From the data, copy out every line in which the word "moreover" appears.

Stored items
----

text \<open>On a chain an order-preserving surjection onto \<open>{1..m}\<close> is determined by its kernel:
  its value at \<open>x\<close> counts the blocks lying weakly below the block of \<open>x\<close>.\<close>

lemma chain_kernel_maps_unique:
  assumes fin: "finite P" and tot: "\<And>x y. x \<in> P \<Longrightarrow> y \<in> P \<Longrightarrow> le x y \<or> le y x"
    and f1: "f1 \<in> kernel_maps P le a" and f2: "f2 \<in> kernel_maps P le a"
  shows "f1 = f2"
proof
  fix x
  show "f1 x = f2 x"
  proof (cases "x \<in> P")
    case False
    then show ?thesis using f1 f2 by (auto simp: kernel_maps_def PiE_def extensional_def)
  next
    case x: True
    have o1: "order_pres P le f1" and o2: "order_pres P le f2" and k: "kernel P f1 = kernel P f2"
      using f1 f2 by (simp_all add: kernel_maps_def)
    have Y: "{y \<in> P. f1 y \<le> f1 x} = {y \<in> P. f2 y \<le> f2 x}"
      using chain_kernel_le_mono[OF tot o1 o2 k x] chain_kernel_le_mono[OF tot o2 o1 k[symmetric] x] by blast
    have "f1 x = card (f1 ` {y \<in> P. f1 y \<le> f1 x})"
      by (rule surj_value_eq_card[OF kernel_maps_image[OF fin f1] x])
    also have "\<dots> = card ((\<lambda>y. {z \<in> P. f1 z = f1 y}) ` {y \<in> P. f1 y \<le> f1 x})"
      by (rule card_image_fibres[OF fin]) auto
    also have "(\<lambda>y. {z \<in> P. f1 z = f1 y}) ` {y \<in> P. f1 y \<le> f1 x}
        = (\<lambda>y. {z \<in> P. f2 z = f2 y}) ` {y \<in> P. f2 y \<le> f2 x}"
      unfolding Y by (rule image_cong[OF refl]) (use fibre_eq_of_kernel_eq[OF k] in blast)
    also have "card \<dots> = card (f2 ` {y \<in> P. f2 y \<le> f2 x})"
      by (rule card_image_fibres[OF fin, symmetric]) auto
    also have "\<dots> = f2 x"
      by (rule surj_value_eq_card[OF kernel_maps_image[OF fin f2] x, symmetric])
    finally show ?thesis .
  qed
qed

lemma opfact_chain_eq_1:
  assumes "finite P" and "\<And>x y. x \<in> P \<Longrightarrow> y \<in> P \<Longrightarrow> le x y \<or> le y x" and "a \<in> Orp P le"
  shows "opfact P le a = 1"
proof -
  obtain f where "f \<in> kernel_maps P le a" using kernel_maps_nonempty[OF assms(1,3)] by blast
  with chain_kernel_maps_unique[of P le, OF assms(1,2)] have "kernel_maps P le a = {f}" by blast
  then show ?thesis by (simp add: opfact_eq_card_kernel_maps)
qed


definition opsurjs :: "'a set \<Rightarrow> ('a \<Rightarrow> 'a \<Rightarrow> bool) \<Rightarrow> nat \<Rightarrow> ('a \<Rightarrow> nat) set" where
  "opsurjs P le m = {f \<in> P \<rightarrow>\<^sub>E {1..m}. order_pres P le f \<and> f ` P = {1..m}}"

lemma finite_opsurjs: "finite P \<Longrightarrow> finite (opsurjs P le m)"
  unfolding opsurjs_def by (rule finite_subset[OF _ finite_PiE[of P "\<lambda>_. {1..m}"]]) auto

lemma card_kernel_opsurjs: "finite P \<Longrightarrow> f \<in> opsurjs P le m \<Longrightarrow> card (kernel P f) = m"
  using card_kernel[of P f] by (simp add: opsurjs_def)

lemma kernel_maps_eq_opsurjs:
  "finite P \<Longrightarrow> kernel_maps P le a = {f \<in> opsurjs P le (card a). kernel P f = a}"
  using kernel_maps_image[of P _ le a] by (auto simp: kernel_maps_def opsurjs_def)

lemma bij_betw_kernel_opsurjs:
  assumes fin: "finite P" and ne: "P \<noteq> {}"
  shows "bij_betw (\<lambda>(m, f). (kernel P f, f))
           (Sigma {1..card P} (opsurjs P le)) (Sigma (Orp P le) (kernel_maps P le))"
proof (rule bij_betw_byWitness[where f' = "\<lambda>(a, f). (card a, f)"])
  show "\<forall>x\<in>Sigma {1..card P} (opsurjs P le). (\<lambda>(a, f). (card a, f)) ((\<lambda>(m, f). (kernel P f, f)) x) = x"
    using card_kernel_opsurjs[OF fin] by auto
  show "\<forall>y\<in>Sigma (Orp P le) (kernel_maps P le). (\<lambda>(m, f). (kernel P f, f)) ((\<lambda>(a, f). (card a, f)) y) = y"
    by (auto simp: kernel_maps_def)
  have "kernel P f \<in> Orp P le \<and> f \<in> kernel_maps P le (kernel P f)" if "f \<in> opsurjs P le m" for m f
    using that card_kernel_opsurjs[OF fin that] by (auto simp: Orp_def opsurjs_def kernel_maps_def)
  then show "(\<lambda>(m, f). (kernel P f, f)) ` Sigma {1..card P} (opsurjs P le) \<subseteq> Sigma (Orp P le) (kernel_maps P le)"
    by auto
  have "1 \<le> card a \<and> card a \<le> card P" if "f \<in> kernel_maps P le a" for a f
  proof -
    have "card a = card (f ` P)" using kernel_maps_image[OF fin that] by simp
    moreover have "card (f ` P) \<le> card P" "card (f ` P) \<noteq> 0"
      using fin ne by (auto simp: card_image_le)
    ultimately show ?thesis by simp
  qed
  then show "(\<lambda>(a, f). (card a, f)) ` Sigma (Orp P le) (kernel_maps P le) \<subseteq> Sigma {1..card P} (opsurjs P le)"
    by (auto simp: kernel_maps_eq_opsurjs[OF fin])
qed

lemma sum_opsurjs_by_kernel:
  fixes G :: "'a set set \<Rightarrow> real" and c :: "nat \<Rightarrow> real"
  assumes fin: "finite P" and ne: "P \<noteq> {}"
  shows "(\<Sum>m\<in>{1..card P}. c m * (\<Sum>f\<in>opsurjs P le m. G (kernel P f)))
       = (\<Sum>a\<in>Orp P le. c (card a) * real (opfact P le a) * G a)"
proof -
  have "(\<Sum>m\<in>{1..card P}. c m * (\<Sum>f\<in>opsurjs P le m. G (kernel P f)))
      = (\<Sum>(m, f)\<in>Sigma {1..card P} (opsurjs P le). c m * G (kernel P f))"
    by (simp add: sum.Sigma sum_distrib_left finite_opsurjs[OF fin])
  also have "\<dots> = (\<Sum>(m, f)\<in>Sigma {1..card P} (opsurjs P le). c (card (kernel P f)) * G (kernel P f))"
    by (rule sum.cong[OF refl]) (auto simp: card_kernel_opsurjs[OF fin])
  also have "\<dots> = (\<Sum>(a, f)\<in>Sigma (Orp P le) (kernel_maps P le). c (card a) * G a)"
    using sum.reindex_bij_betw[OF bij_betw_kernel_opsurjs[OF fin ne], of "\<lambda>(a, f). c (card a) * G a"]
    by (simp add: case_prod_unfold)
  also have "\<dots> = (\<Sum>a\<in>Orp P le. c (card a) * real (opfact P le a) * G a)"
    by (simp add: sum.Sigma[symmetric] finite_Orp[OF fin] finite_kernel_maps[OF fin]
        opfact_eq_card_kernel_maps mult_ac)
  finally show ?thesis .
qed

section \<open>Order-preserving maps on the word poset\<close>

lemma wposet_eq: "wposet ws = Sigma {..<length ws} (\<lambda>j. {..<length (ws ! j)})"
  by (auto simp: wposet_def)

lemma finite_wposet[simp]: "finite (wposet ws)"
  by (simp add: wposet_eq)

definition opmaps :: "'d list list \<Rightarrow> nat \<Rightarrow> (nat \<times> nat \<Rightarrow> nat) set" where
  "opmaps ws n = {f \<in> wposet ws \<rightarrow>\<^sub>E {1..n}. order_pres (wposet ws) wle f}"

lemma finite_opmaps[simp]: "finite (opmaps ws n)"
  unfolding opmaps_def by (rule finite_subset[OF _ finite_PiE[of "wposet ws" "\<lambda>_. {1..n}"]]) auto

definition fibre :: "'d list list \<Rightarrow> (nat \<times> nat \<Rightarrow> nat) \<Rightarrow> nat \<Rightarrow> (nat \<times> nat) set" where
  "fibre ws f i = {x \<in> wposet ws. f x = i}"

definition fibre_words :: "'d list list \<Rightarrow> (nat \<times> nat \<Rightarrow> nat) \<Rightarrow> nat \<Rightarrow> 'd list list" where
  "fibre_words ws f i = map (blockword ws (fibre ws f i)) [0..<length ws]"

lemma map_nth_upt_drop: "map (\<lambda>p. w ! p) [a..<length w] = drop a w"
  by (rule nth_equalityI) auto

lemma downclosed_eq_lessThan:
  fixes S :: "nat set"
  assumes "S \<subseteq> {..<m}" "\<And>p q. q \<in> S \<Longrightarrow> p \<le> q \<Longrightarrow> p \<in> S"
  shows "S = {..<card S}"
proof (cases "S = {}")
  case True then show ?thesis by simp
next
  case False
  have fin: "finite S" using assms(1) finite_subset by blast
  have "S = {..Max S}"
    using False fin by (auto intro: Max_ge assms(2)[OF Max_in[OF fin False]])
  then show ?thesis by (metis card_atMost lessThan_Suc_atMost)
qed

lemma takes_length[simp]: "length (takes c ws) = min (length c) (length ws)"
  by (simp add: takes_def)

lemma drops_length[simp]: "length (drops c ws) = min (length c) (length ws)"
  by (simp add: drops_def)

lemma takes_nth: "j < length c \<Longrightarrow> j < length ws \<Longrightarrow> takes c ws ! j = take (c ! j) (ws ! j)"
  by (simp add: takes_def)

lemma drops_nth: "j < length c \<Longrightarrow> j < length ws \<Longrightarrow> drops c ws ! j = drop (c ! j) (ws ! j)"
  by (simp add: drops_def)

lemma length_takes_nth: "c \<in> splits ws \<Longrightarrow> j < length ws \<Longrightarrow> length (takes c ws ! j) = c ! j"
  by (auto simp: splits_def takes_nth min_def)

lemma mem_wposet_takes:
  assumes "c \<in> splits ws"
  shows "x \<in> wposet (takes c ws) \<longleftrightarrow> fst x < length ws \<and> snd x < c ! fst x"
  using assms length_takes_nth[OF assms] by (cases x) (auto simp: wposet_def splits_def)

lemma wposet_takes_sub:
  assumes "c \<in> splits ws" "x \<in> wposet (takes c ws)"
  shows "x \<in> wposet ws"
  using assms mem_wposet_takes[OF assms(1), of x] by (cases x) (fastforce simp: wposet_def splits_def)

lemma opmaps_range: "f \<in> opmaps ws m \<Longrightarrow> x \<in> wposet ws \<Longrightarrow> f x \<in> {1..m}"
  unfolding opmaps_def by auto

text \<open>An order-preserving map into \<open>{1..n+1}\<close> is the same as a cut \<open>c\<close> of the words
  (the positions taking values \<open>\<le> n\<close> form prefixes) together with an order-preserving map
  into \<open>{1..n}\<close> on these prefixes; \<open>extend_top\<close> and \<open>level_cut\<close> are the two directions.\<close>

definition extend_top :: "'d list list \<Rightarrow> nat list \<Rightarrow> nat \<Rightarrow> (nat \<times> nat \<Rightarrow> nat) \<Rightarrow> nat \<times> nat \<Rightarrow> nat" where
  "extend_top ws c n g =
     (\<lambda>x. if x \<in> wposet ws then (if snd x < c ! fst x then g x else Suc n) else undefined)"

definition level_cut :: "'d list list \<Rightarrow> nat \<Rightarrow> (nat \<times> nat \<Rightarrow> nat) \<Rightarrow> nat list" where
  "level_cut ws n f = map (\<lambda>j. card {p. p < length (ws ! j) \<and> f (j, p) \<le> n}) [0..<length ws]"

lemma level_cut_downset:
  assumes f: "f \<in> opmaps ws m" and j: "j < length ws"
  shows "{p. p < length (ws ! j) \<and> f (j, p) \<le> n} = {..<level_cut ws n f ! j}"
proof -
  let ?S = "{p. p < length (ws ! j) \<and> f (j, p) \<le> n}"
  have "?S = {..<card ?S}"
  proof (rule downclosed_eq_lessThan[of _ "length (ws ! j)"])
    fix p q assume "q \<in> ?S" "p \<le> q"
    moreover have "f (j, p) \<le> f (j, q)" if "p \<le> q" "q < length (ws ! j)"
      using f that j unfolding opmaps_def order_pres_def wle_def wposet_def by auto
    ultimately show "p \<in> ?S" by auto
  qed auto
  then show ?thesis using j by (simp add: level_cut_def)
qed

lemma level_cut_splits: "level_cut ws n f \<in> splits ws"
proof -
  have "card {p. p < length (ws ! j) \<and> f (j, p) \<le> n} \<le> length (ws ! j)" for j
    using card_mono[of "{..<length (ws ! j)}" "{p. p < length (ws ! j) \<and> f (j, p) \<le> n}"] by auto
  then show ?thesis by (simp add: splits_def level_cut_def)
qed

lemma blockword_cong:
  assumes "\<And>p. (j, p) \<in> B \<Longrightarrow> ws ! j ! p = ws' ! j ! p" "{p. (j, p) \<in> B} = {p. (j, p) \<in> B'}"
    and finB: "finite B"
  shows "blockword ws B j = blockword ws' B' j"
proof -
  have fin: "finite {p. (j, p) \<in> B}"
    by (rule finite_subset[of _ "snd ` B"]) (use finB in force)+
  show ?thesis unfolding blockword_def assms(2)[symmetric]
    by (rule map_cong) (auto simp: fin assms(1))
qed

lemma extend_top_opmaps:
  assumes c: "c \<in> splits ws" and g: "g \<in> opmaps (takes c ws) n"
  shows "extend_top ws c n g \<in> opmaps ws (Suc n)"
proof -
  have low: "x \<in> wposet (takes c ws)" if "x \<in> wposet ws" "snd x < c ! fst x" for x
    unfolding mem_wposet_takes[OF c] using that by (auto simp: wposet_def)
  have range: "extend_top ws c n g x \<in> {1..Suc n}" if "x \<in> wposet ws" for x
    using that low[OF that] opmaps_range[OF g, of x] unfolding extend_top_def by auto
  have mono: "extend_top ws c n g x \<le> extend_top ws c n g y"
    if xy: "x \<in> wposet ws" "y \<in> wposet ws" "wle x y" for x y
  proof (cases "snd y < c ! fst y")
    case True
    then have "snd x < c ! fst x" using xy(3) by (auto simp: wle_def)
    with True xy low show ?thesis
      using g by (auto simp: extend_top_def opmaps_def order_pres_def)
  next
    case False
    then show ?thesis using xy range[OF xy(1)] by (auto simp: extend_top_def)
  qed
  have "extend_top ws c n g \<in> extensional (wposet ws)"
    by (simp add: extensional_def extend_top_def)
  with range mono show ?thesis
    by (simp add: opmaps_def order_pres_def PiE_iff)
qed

----

- [Written response]:
    moreover have "card (f ` P) \<le> card P" "card (f ` P) \<noteq> 0"
    moreover have "f (j, p) \<le> f (j, q)" if "p \<le> q" "q < length (ws ! j)"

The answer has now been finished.